Our table number at the Mass MoCA cafe was 13. Unlucky? Not when you’ve got the local North Adams paper and L. and F. to listen to the best parts, historical re-enactments scheduled for the weekend, some columnist talking about his ka-razy Sunday paper habit. (He reads them.) L. and F. both went with the Thai chicken burrito. Everything came with a little dish of sour cream. We suspected the girls bringing us our food were working their first ever tax-paying jobs. The limeade was refreshing, the table sticky with it.

Something I’m ashamed to admit: Sometimes I freak out at the lunch counter and can’t figure out how to say what I want (a fish taco and a pork taco and an iced tea) and some unknown thing comes stammering out of my mouth as an interrogative (uhhh… a burrito?). But it was good enough, heavily salted, I was way way hungry. I forked it into my mouth via an ineffectual plastic knife and fork because I ate inside so the burrito didn’t come wrapped in helpful foil.

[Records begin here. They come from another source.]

text \<open>Concrete presentation of the sup-lattice tensor product Q \<otimes> Q (Joyal--Tierney):
  the subsets of Q \<times> Q that are down-closed and closed under joins in each variable
  separately (with x \<otimes> y \<le> S iff (x,y) \<in> S). The quotient Q \<otimes>_A Q by the relations
  x \<otimes> (a |> y) = (x <| a) \<otimes> y consists of the elements saturated for these relations.\<close>

definition tensA_closed :: "('a::frame \<Rightarrow> 'q::complete_lattice \<Rightarrow> 'q) \<Rightarrow> ('q \<Rightarrow> 'a \<Rightarrow> 'q) \<Rightarrow> ('q \<times> 'q) set \<Rightarrow> bool" where
  "tensA_closed l r S \<longleftrightarrow>
     (\<forall>x y x' y'. (x,y) \<in> S \<longrightarrow> x' \<le> x \<longrightarrow> y' \<le> y \<longrightarrow> (x',y') \<in> S) \<and>
     (\<forall>X y. (\<forall>x\<in>X. (x,y) \<in> S) \<longrightarrow> (Sup X, y) \<in> S) \<and>
     (\<forall>x Y. (\<forall>y\<in>Y. (x,y) \<in> S) \<longrightarrow> (x, Sup Y) \<in> S) \<and>
     (\<forall>x a y. (x, l a y) \<in> S \<longleftrightarrow> (r x a, y) \<in> S)"

text \<open>O(G_2) = Q \<otimes>_A Q, ordered by inclusion.\<close>
definition OG2 :: "('a::frame \<Rightarrow> 'q::complete_lattice \<Rightarrow> 'q) \<Rightarrow> ('q \<Rightarrow> 'a \<Rightarrow> 'q) \<Rightarrow> ('q \<times> 'q) set set" where
  "OG2 l r = {S. tensA_closed l r S}"

definition Sup2 :: "('a::frame \<Rightarrow> 'q::complete_lattice \<Rightarrow> 'q) \<Rightarrow> ('q \<Rightarrow> 'a \<Rightarrow> 'q) \<Rightarrow> ('q \<times> 'q) set set \<Rightarrow> ('q \<times> 'q) set" where
  "Sup2 l r SS = \<Inter>{S \<in> OG2 l r. \<Union>SS \<subseteq> S}"

definition tens :: "('a::frame \<Rightarrow> 'q::complete_lattice \<Rightarrow> 'q) \<Rightarrow> ('q \<Rightarrow> 'a \<Rightarrow> 'q) \<Rightarrow> 'q \<Rightarrow> 'q \<Rightarrow> ('q \<times> 'q) set" where
  "tens l r x y = Sup2 l r {{(x,y)}}"

definition tens3_closed :: "('a::frame \<Rightarrow> 'q::complete_lattice \<Rightarrow> 'q) \<Rightarrow> ('q \<Rightarrow> 'a \<Rightarrow> 'q) \<Rightarrow> ('q \<times> 'q \<times> 'q) set \<Rightarrow> bool" where
  "tens3_closed l r S \<longleftrightarrow>
     (\<forall>x y z x' y' z'. (x,y,z) \<in> S \<longrightarrow> x' \<le> x \<longrightarrow> y' \<le> y \<longrightarrow> z' \<le> z \<longrightarrow> (x',y',z') \<in> S) \<and>
     (\<forall>X y z. (\<forall>x\<in>X. (x,y,z) \<in> S) \<longrightarrow> (Sup X, y, z) \<in> S) \<and>
     (\<forall>x Y z. (\<forall>y\<in>Y. (x,y,z) \<in> S) \<longrightarrow> (x, Sup Y, z) \<in> S) \<and>
     (\<forall>x y Z. (\<forall>z\<in>Z. (x,y,z) \<in> S) \<longrightarrow> (x, y, Sup Z) \<in> S) \<and>
     (\<forall>x a y z. (x, l a y, z) \<in> S \<longleftrightarrow> (r x a, y, z) \<in> S) \<and>
     (\<forall>x y a z. (x, y, l a z) \<in> S \<longleftrightarrow> (x, r y a, z) \<in> S)"

text \<open>O(G_3) = Q \<otimes>_A Q \<otimes>_A Q, the frame of the locale G_3 = G_1 \<times>_{G_0} G_1 \<times>_{G_0} G_1.\<close>
definition OG3 :: "('a::frame \<Rightarrow> 'q::complete_lattice \<Rightarrow> 'q) \<Rightarrow> ('q \<Rightarrow> 'a \<Rightarrow> 'q) \<Rightarrow> ('q \<times> 'q \<times> 'q) set set" where
  "OG3 l r = {S. tens3_closed l r S}"

definition Sup3 :: "('a::frame \<Rightarrow> 'q::complete_lattice \<Rightarrow> 'q) \<Rightarrow> ('q \<Rightarrow> 'a \<Rightarrow> 'q) \<Rightarrow> ('q \<times> 'q \<times> 'q) set set \<Rightarrow> ('q \<times> 'q \<times> 'q) set" where
  "Sup3 l r SS = \<Inter>{S \<in> OG3 l r. \<Union>SS \<subseteq> S}"

definition tens3 :: "('a::frame \<Rightarrow> 'q::complete_lattice \<Rightarrow> 'q) \<Rightarrow> ('q \<Rightarrow> 'a \<Rightarrow> 'q) \<Rightarrow> 'q \<Rightarrow> 'q \<Rightarrow> 'q \<Rightarrow> ('q \<times> 'q \<times> 'q) set" where
  "tens3 l r x y z = Sup3 l r {{(x,y,z)}}"

text \<open>mu_A : Q \<otimes>_A Q -> Q, x \<otimes> y |-> xy, and its right adjoint.\<close>
definition muA :: "('q::complete_lattice \<Rightarrow> 'q \<Rightarrow> 'q) \<Rightarrow> ('q \<times> 'q) set \<Rightarrow> 'q" where
  "muA mult S = Sup {mult x y | x y. (x,y) \<in> S}"

definition muA_radj ::
  "('a::frame \<Rightarrow> 'q::complete_lattice \<Rightarrow> 'q) \<Rightarrow> ('q \<Rightarrow> 'a \<Rightarrow> 'q) \<Rightarrow> ('q \<Rightarrow> 'q \<Rightarrow> 'q) \<Rightarrow> 'q \<Rightarrow> ('q \<times> 'q) set" where
  "muA_radj l r mult c = Sup2 l r {S \<in> OG2 l r. muA mult S \<le> c}"

definition multiplicative ::
  "('a::frame \<Rightarrow> 'q::complete_lattice \<Rightarrow> 'q) \<Rightarrow> ('q \<Rightarrow> 'a \<Rightarrow> 'q) \<Rightarrow> ('q \<Rightarrow> 'q \<Rightarrow> 'q) \<Rightarrow> bool" where
  "multiplicative l r mult \<longleftrightarrow>
     (\<forall>C. muA_radj l r mult (Sup C) = Sup2 l r (muA_radj l r mult ` C))"
lemma rescaled_in_ortho_compl_block_sum:
  assumes "b \<subseteq> a_sp" "w \<subseteq> g_alpha" "z \<subseteq> g_2alpha"
    and "\<forall>u\<in>b. inner (t, 0, 0) u = 0" "\<forall>v\<in>w. inner (0, W, 0) v = 0"
    and "\<forall>y\<in>z. inner (0, 0, x) y = 0"
  shows "(t, \<alpha> *\<^sub>R W, \<beta> * x) \<in> ortho_compl {u + v + y | u v y. u \<in> b \<and> v \<in> w \<and> y \<in> z}"
proof -
  have "inner (t, \<alpha> *\<^sub>R W, \<beta> * x) (u + v + y) = 0"
    if uvy: "u \<in> b" "v \<in> w" "y \<in> z" for u v y
  proof -
    obtain a where a: "u = (a, 0, 0)"
      using uvy(1) assms(1) by (auto simp: a_sp_def)
    obtain U where U: "v = (0, U, 0)"
      using uvy(2) assms(2) by (auto simp: g_alpha_def)
    obtain \<xi> where \<xi>: "y = (0, 0, \<xi>)"
      using uvy(3) assms(3) by (auto simp: g_2alpha_def)
    have "inner (t, 0, 0) u = 0" "inner (0, W, 0) v = 0" "inner (0, 0, x) y = 0"
      using uvy assms(4-6) by blast+
    then show ?thesis
      by (auto simp: a U \<xi>)
  qed
  then show ?thesis
    unfolding ortho_compl_def by blast
qed
text \<open>
  A string b lies in B(g) exactly when it has length 2g and rotating it by g negates it.
  For d dividing 2g, count the strings of B(g) fixed by the shift 2g/d. If d is even, the
  shift divides g, so such a string would equal its own negation: there are none. If
  d = 2q + 1 is odd, then g = q (2g/d) + g/d, and the condition collapses to "rotating by
  g/d negates b"; such strings are freely determined by their first g/d bits, so there are
  2^(g/d) of them. A string is fixed by the shift k iff its period divides k, so Moebius
  inversion over the divisors of 2g turns these counts into P(2g). Finally, the orbit of a
  string of period 2g has exactly 2g elements, and these orbits partition the strings of
  period 2g, whence |E'(g)| = P(2g)/(2g).
\<close>

section \<open>Moebius inversion\<close>

lemma moebius_prime_mult:
  assumes p: "prime (p::nat)" and e: "e > 0"
  shows "moebius (p * e) = (if p dvd e then 0 else - moebius e)"
proof (cases "p dvd e")
  case True
  then have "p\<^sup>2 dvd p * e" by (simp add: power2_eq_square)
  then have "\<not> squarefree (p * e)"
    using p unfolding squarefree_def by (metis not_prime_unit)
  with True show ?thesis by (simp add: moebius_def)
next
  case False
  then have "coprime p e" using p by (simp add: prime_imp_coprime)
  then have "squarefree (p * e) \<longleftrightarrow> squarefree e"
    using squarefree_mult_coprime squarefree_prime[OF p] squarefree_multD by blast
  moreover have "prime_factors (p * e) = insert p (prime_factors e)"
    using p e by (auto simp: prime_factors_product prime_prime_factors)
  moreover have "p \<notin> prime_factors e" using False by auto
  ultimately show ?thesis using False p e by (simp add: moebius_def)
qed

lemma sum_moebius_divisors:
  assumes n: "n > 0"
  shows "(\<Sum>d\<in>{d. d dvd n}. moebius d) = (if n = 1 then 1 else 0)"
proof (cases "n = 1")
  case True
  then show ?thesis by (simp add: moebius_def)
next
  case False
  then obtain p where p: "prime p" "p dvd n" using n prime_factor_nat by blast
  define m where "m = n div p"
  have n_eq: "n = p * m" using p(2) by (simp add: m_def)
  have m: "m > 0" using n n_eq by simp
  define A where "A = {d. d dvd n \<and> \<not> p dvd d}"
  have "e dvd p * m \<longleftrightarrow> e dvd m" if "\<not> p dvd e" for e
  proof -
    have "coprime e p" using prime_imp_coprime[OF p(1) that] by (simp add: coprime_commute)
    then show ?thesis by (rule coprime_dvd_mult_right_iff)
  qed
  then have A_eq: "A = {e. e dvd m \<and> \<not> p dvd e}"
    by (auto simp: A_def n_eq)
  have "d \<in> (\<lambda>e. p * e) ` {e. e dvd m}" if "d dvd n" "p dvd d" for d
    using that p(1) by (auto simp: n_eq prime_gt_0_nat elim!: dvdE)
  then have divisors: "{d. d dvd n} = A \<union> (\<lambda>e. p * e) ` {e. e dvd m}"
    by (auto simp: A_def n_eq)
  have "(\<Sum>d\<in>(\<lambda>e. p * e) ` {e. e dvd m}. moebius d) = (\<Sum>e\<in>{e. e dvd m}. moebius (p * e))"
    using p(1) by (intro sum.reindex[unfolded comp_def]) (simp add: inj_on_def prime_gt_0_nat)
  also have "\<dots> = (\<Sum>e\<in>{e. e dvd m}. if \<not> p dvd e then - moebius e else 0)"
    using m by (intro sum.cong refl) (auto simp: moebius_prime_mult[OF p(1)] intro: gr0I)
  also have "\<dots> = - sum moebius A"
    using m by (simp add: sum.inter_filter[symmetric] sum_negf A_eq)
  finally show ?thesis
    using n m False by (subst divisors, subst sum.union_disjoint) (auto simp: A_def)
qed

lemma sum_divisors_swap:
  fixes n :: nat
  assumes n: "n > 0"
  shows "(\<Sum>d\<in>{d. d dvd n}. \<Sum>e\<in>{e. e dvd n div d}. f d e)
       = (\<Sum>e\<in>{e. e dvd n}. \<Sum>d\<in>{d. d dvd n div e}. f d e)"
proof -
  define D where "D = {d. d dvd n}"
  have finite_D: "finite D" using n by (simp add: D_def)
  have cofactor: "{e. e dvd n div d} = {e. e \<in> D \<and> d * e dvd n}" if "d \<in> D" for d
    using that n by (auto simp: D_def dvd_div_iff_mult mult.commute intro: dvd_mult_left)
  have "(\<Sum>d\<in>D. \<Sum>e\<in>{e. e dvd n div d}. f d e) = (\<Sum>d\<in>D. \<Sum>e\<in>{e. e \<in> D \<and> d * e dvd n}. f d e)"
    by (intro sum.cong refl) (simp add: cofactor)
  also have "\<dots> = (\<Sum>e\<in>D. \<Sum>d\<in>{d. d \<in> D \<and> d * e dvd n}. f d e)"
    by (rule sum.swap_restrict[OF finite_D finite_D])
  also have "\<dots> = (\<Sum>e\<in>D. \<Sum>d\<in>{d. d dvd n div e}. f d e)"
    by (intro sum.cong refl) (simp add: cofactor mult.commute)
  finally show ?thesis by (simp add: D_def)
qed

lemma moebius_inversion:
  fixes N F :: "nat \<Rightarrow> 'a :: comm_ring_1"
  assumes n: "n > 0" and F: "\<And>k. k dvd n \<Longrightarrow> F k = (\<Sum>e\<in>{e. e dvd k}. N e)"
  shows "N n = (\<Sum>d\<in>{d. d dvd n}. of_int (moebius d) * F (n div d))"
proof -
  have "(\<Sum>d\<in>{d. d dvd n}. of_int (moebius d) * F (n div d))
      = (\<Sum>d\<in>{d. d dvd n}. \<Sum>e\<in>{e. e dvd n div d}. of_int (moebius d) * N e)"
    by (intro sum.cong refl) (auto simp: F sum_distrib_left elim!: dvdE)
  also have "\<dots> = (\<Sum>e\<in>{e. e dvd n}. \<Sum>d\<in>{d. d dvd n div e}. of_int (moebius d) * N e)"
    by (rule sum_divisors_swap[OF n])
  also have "\<dots> = (\<Sum>e\<in>{e. e dvd n}. of_int (\<Sum>d\<in>{d. d dvd n div e}. moebius d) * N e)"
    by (simp add: sum_distrib_right)
  also have "\<dots> = (\<Sum>e\<in>{e. e dvd n}. if e = n then N e else 0)"
  proof (intro sum.cong refl)
    fix e assume "e \<in> {e. e dvd n}"
    then have "n div e > 0" and "n div e = 1 \<longleftrightarrow> e = n"
      using n by (auto elim!: dvdE)
    then show "of_int (\<Sum>d\<in>{d. d dvd n div e}. moebius d) * N e = (if e = n then N e else 0)"
      by (simp add: sum_moebius_divisors)
  qed
  also have "\<dots> = N n" using n by simp
  finally show ?thesis ..
qed
(* Let $n\ge 2$ and let $l$ be the correspondence defined on $\mathcal S_{\neq}$ by $l(S)=so(n)\setminus\mathcal L_{\mathrm{invar}}(o_1,\dots,o_n)$, where $o_1,\dots,o_n$ is an orthonormal basis of eigenvectors of $S$ (this is independent of the choice of such basis). Then $$\mathrm{Graph}(l)=\{(S,L):S\in\mathcal S_{\neq},\ L\in l(S)\}$$ is open and dense in $\mathcal S(n,\mathbb R)\times so(n)$ (product topology, each factor with the relative norm topology).
   Context: $\mathcal S(n,\mathbb R)$ denotes the real symmetric $n\times n$ matrices and $\mathcal S_{\neq}\subseteq\mathcal S(n,\mathbb R)$ those whose $n$ eigenvalues are pairwise distinct. $so(n)$ denotes the real skew-symmetric $n\times n$ matrices. For an orthonormal basis $o_1,\dots,o_n$ of $\mathbb R^n$, $\mathcal L_{\mathrm{invar}}(o_1,\dots,o_n)$ is the set of $L\in so(n)$ for which there exists a subset $\{o_{j_1},\dots,o_{j_k}\}$ with $1\le k<n$ such that $\mathrm{span}_{\mathbb R}\{o_{j_1},\dots,o_{j_k}\}$ is an invariant subspace of $L$. *)

theory Defs
  imports "HOL-Analysis.Analysis"
begin

definition sym_mats :: "(real^'n^'n) set" where
  "sym_mats = {S. transpose S = S}"

definition skew_mats :: "(real^'n^'n) set" where
  "skew_mats = {L. transpose L = - L}"

definition eigenvalues :: "real^'n^'n \<Rightarrow> real set" where
  "eigenvalues S = {c. \<exists>v. v \<noteq> 0 \<and> S *v v = c *\<^sub>R v}"

definition sym_distinct :: "(real^'n^'n) set" where
  "sym_distinct = {S \<in> sym_mats. card (eigenvalues S) = CARD('n)}"

definition orthonormal_basis :: "('n \<Rightarrow> real^'n) \<Rightarrow> bool" where
  "orthonormal_basis ob \<longleftrightarrow> (\<forall>i j. ob i \<bullet> ob j = (if i = j then 1 else 0))"

definition eigenbasis :: "real^'n^'n \<Rightarrow> ('n \<Rightarrow> real^'n) \<Rightarrow> bool" where
  "eigenbasis S ob \<longleftrightarrow> orthonormal_basis ob \<and> (\<forall>i. \<exists>c. S *v ob i = c *\<^sub>R ob i)"

definition L_invar :: "('n \<Rightarrow> real^'n) \<Rightarrow> (real^'n^'n) set" where
  "L_invar ob = {L \<in> skew_mats. \<exists>J::'n set. 1 \<le> card J \<and> card J < CARD('n) \<and>
       (\<forall>x \<in> span (ob ` J). L *v x \<in> span (ob ` J))}"

definition graph_l :: "((real^'n^'n) \<times> (real^'n^'n)) set" where
  "graph_l = {(S, L). S \<in> sym_distinct \<and>
       (\<exists>ob. eigenbasis S ob \<and> L \<in> skew_mats - L_invar ob)}"

end

theory Submission
  imports Defs
begin

text \<open>
  Fix an orthonormal eigenbasis \<open>ob\<close> of S.  The subspaces spanned by
  subfamilies of \<open>ob\<close> are invariant under L iff the corresponding off-diagonal blocks
  of L in the basis \<open>ob\<close> vanish, so \<open>L_invar ob\<close> is cut out by finitely many
  linear equations.  When S has distinct eigenvalues, its eigenbasis is unique up to
  order and signs, so the graph is well defined independently of the basis.

  Density: by the spectral theorem (proved below via maximisation of the Rayleigh
  quotient) S has an eigenbasis \<open>ob\<close>; adding small multiples of a diagonal matrix with
  distinct entries, resp. of a skew matrix with nonzero off-diagonal entries, both
  written in the basis \<open>ob\<close>, moves (S, L) into the graph.

  Openness: if points outside the graph converge to (S, L) in the graph, a subsequence
  of their eigenbases converges (orthonormal bases form a compact set) to an eigenbasis
  of S; the approximating matrices eventually have distinct eigenvalues, so their
  skew parts lie in \<open>L_invar\<close>, a closed condition, whence \<open>L \<in> L_invar\<close>:
  a contradiction.
\<close>

lemma orthonormal_basisD [simp]:
  "orthonormal_basis ob \<Longrightarrow> ob i \<bullet> ob j = (if i = j then 1 else 0)"
  unfolding orthonormal_basis_def by blast

text \<open>n orthonormal vectors are independent, hence span the n-dimensional space.\<close>
lemma orthonormal_basis_span:
  fixes ob :: "'n \<Rightarrow> real^'n"
  assumes ob: "orthonormal_basis ob"
  shows "span (range ob) = UNIV"
proof -
  have "pairwise orthogonal (range ob)"
    using ob by (auto simp: pairwise_def orthogonal_def)
  moreover have "0 \<notin> range ob"
    using ob by (metis imageE inner_zero_left orthonormal_basisD zero_neq_one)
  ultimately have indep: "independent (range ob)"
    by (rule pairwise_orthogonal_independent)
  have "inj ob"
    using ob by (metis injI orthonormal_basisD zero_neq_one)
  then have "card (range ob) = dim (UNIV :: (real^'n) set)"
    by (simp add: card_image)
  then show ?thesis
    using card_eq_dim[of "range ob" UNIV] indep by auto
qed

lemma orthonormal_basis_expand:
  fixes ob :: "'n \<Rightarrow> real^'n"
  assumes ob: "orthonormal_basis ob"
  shows "x = (\<Sum>i\<in>UNIV. (ob i \<bullet> x) *\<^sub>R ob i)"
proof -
  define y where "y = x - (\<Sum>i\<in>UNIV. (ob i \<bullet> x) *\<^sub>R ob i)"
  have y_orth: "ob j \<bullet> y = 0" for j
  proof -
    have "ob j \<bullet> (\<Sum>i\<in>UNIV. (ob i \<bullet> x) *\<^sub>R ob i) = (\<Sum>i\<in>UNIV. (ob i \<bullet> x) * (ob j \<bullet> ob i))"
      by (simp add: inner_sum_right)
    also have "\<dots> = ob j \<bullet> x"
      using ob by (simp add: if_distrib cong: if_cong)
    finally show ?thesis
      unfolding y_def by (simp add: inner_diff_right)
  qed
  have "orthogonal y a" if "a \<in> span (range ob)" for a
    using orthogonal_to_span[OF that, of y] y_orth
    unfolding orthogonal_def by (metis imageE inner_commute)
  then have "orthogonal y y"
    using orthonormal_basis_span[OF ob] by auto
  then show ?thesis
    unfolding y_def by (simp add: orthogonal_def)
qed
(* Let $\mathcal O$ be the suboperad of $\mathrm{CNCB}$ generated by $r:=T_{ubu}$ and $w:=T_{bub}$. Then $\mathcal O$ admits the presentation with generators $r,w$ of arity $2$ and relations $$w\circ_1 w=w\circ_2 w,\qquad r\circ_1 r=r\circ_2 r.$$ That is, $\mathcal O$ is isomorphic, via the morphism sending the generators to $r$ and $w$, to the quotient of the free operad on two binary generators by the operadic congruence generated by these relations.
   Context: For $n\ge2$, a bicoloured noncrossing configuration (BNC) of size $n$ is a regular polygon with vertices $1,\dots,n+1$ clockwise, together with disjoint sets of blue and red arcs among the arcs $(i,j)$, $1\le i<j\le n+1$. The arcs $(i,i+1)$ are the edges ($i$th edge), $(1,n+1)$ is the base, and the others are diagonals. Coloured arcs are pairwise noncrossing ($(i,j),(k,l)$ cross iff $i<k<j<l$ or $k<i<l<j$), and red arcs are diagonals. There is one BNC of size $1$, a blue segment, which is the unit. The operad $\mathrm{CNCB}$ has the BNCs as elements (arity = size). Its composition $\mathfrak C\circ_i\mathfrak D$ ($\mathfrak C$ of size $n$, $\mathfrak D$ of size $m$) glues the base of $\mathfrak D$ on the $i$th edge of $\mathfrak C$. Arcs $(a,b)$ of $\mathfrak C$ become $(\sigma(a),\sigma(b))$ with $\sigma(v)=v$ for $v\le i$ and $v+m-1$ otherwise, and arcs $(a,b)$ of $\mathfrak D$ become $(a+i-1,b+i-1)$, keeping colours. The exception is the arc $(i,i+m)$, which is red if the $i$th edge of $\mathfrak C$ and the base of $\mathfrak D$ are both uncoloured, blue if both are blue, and uncoloured otherwise. For $x,y,z\in\{b,u\}$, $T_{xyz}$ denotes the BNC of size $2$ (a triangle with vertices $1,2,3$) whose first edge $(1,2)$ has colour $x$, whose base $(1,3)$ has colour $y$, and whose second edge $(2,3)$ has colour $z$, where $b$ = blue and $u$ = uncoloured. The suboperad generated by a set is the smallest suboperad containing it. *)

theory Defs
  imports Main
begin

I didn’t want to drip everywhere, so I just hacked away. Then I wiped my mouth and skipped to the movies. There’s a scene about two hours and four minutes in that is as precise an argument as I’ve seen for the total and utter bottomless horror of war. Please go see it so we can talk about it. Over lunch.

I turned into a little fussbucket, trying to embroider a little cozy for the tip of my iceberg, wanting everything just so. It’s too early for lunch but you don’t want to go to the later movie so we’ll have to eat now even though it’s early we’ll just get a little snack and then we’ll get lunch after, okay? Deal struck, we bought our tickets and hopped across to the Mexican place where I got a burrito and a beer and mom got a quesadilla and we sat and talked about the trip so far, and family, and the movie we were about to see. It was so long that by the time it was over lunch was a distant memory, dinner looming just over the already-pinking horizon.

By the time A.’s new tattoo was finished, it was two in the afternoon and I was so hungry I started in with the snap and growl, causing K. to suggest that she ought to start carrying around a granola bar to stop up my wah-wah-wah crybaby tendencies when I’ve gone too long without food. Instead, we walked a couple doors down to the Mexican place where I ordered a burrito and K. had the mini-lunch-portion nachos and we each had a Corona. We watched Cuba rout the U.S. in Olympic baseball and stared around at the other folks in the place–a cutie-patootie waitress, a woman who walked straight up to the counter and yelled out, What’s in your taco salad? What’s in your taco salad?, a group of extraordinarily blonde women carrying many shopping bags and comparing cell phones. When our waiter brought over the check, K. just handed him her credit card. I’ve been able to afford my own burrito for awhile now, but it’s still and always sort of breathtaking when somebody else picks up the tab.

After spending some time with seven kittens crawling all over, on, and around us at E.’s apartment in Bushwick, J. and I had burritos at this place around the corner. Mine had chicken while J. just had rice and beans–she doesn’t mind if I eat meat, and I don’t mind if she smokes. My chicken had a fair amount of gnarliness to it–a bone in the first bite, a weird gristle mass a little later–and I thought I negotiated all of it admirably well, considering I was nervous in the first place, this being a first friend date for J. and I. There wasn’t much beyond rice, beans, and oaxaca cheese, so I was glad I said yes to jalapenos, which I like anyway. J. will be taking home one of the kittens in the next couple weeks–lucky, lucky.